現地でも、中継映像でも、目に映った瞬間に指先が急に冷えてくるような感覚になる。
何度もその瞬間がスロー再生される。
瞬く間に写真や動画がアップされていく。

ただ、カープの黒原を責める気には全くなれない。
以前も似たようなことがあり、SNSでかなりの誹謗中傷を受けていた。
このマウンドに戻ってくるまで相当な苦心と努力があったはず。
本人も覚悟を持って、突然やってきたチャンスに意気込んでいたと思う。
結果としては残念なことになってしまったけれど。

度会はほどなくしてグラウンドに戻ってくる。
避け方とフェイスガードのおかげで大事には至らなかったようだ。

続く佐野の打席ですかさず盗塁を決めて見せる。
動けます、ちゃんと全力プレーできますよと皆に示すような、プロ初盗塁。
結果を出すためというより、プレーそのもので自分も周りも鼓舞していく選手なんだろう。

試合後にこんなコメントを残せる新人は、さすがに初めて見た。

◇ ◇ ◇

ルーキーが開幕早々なかなかハードな目にあっている中で、兄さん達の心に火が点かないはずもなく。
とはいえ怒りの声を上げたりだとかは、中継を見る限り無いように見えた。
でも、随所に燃えるものは確かにあった気がしていて。

2回裏、オースティンがタイムリーツーベースを放った場面。

崎陽軒・シウマイの広告方向、右中間へ伸びていく打球を放つと、ヘルメットを置き去りにして猛ダッシュ。

立ったまま二塁ベースに辿り着くと、雄々しく右腕を振り上げて、もっとだ!もっと打つぞ!と言わんばかりにベンチを激しく鼓舞する。

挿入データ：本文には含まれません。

lemma block_contribution:
  assumes l: "l \<in> {1..m}"
  shows "(\<Sum>r=1..k. restr_term lam' (pos l r))
     = (\<Sum>eps\<in>signs. if lam' = (\<lambda>j. eps * ublock n m k l j) then qbracket k eta * Bcoef n m k eta tn l eps x else 0)"
proof -
  have "(\<Sum>r=1..k. restr_term lam' (pos l r))
      = (\<Sum>r=1..k. \<Sum>eps\<in>signs. if lam' = (\<lambda>j. eps * ublock n m k l j) then Mterm n (exp (eta/2)) tn (pos l r) eps x else 0)"
    unfolding restr_term_def using proj_evec_block[OF l] by (intro sum.cong) auto
  also have "\<dots> = (\<Sum>eps\<in>signs. if lam' = (\<lambda>j. eps * ublock n m k l j) then (\<Sum>r=1..k. Mterm n (exp (eta/2)) tn (pos l r) eps x) else 0)"
  proof -
    have "(\<Sum>r=1..k. \<Sum>eps\<in>signs. if lam' = (\<lambda>j. eps * ublock n m k l j) then Mterm n (exp (eta/2)) tn (pos l r) eps x else 0)
        = (\<Sum>eps\<in>signs. \<Sum>r=1..k. if lam' = (\<lambda>j. eps * ublock n m k l j) then Mterm n (exp (eta/2)) tn (pos l r) eps x else 0)"
      by (rule sum.swap)
    also have "\<dots> = (\<Sum>eps\<in>signs. if lam' = (\<lambda>j. eps * ublock n m k l j) then (\<Sum>r=1..k. Mterm n (exp (eta/2)) tn (pos l r) eps x) else 0)"
      by (rule sum.cong[OF refl]) simp
    finally show ?thesis .
  qed
  also have "\<dots> = (\<Sum>eps\<in>signs. if lam' = (\<lambda>j. eps * ublock n m k l j) then qbracket k eta * Bcoef n m k eta tn l eps x else 0)"
    using Mterm_block_sum[OF l] by (intro sum.cong) auto
  finally show ?thesis .
qed

theorem restricted_coefficient:
  "restr_coef n m k (MLam n) (Mcoef n (exp (eta/2)) tn) lam' x = RHScoef n m k eta tn lam' x"
proof -
  have "restr_coef n m k (MLam n) (Mcoef n (exp (eta/2)) tn) lam' x = sum (restr_term lam') {1..n}"
    unfolding restr_coef_Mcoef restr_term_def ..
  also have "\<dots> = sum (restr_term lam') {1..N1} + (\<Sum>l=1..m. \<Sum>r=1..k. restr_term lam' (pos l r))"
    by (rule sum_split)
  also have "sum (restr_term lam') {1..N1}
      = (\<Sum>i=1..N1. \<Sum>eps\<in>signs. if lam' = (\<lambda>j. eps * evec i j) then Acoef n m k eta tn i eps x else 0)"
    by (rule sum.cong[OF refl]) (rule outer_contribution)
  also have "(\<Sum>l=1..m. \<Sum>r=1..k. restr_term lam' (pos l r))
      = (\<Sum>l=1..m. qbracket k eta * (\<Sum>eps\<in>signs. if lam' = (\<lambda>j. eps * ublock n m k l j) then Bcoef n m k eta tn l eps x else 0))"
  proof (rule sum.cong[OF refl])
    fix l assume l: "l \<in> {1..m}"
    show "(\<Sum>r=1..k. restr_term lam' (pos l r))
        = qbracket k eta * (\<Sum>eps\<in>signs. if lam' = (\<lambda>j. eps * ublock n m k l j) then Bcoef n m k eta tn l eps x else 0)"
      unfolding block_contribution[OF l] sum_distrib_left by (rule sum.cong) simp_all
  qed
  finally show ?thesis unfolding RHScoef_def Let_def qbracket_def N1_def sum_distrib_left by simp
qed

ベイスターズがヒットを重ねて点差は広がる一方なので、決して痺れる展開ではない。
それでも仲間をさらに鼓舞する理由は明言された訳ではないので推測の域を出ることはないけれども、チームとして絶対にこの試合勝ち切る、という気迫が滲んでいた。

◇ ◇ ◇

そういえば色々あって吹っ飛びかけていたけれど、今日最初の打点は牧秀悟が上げていた。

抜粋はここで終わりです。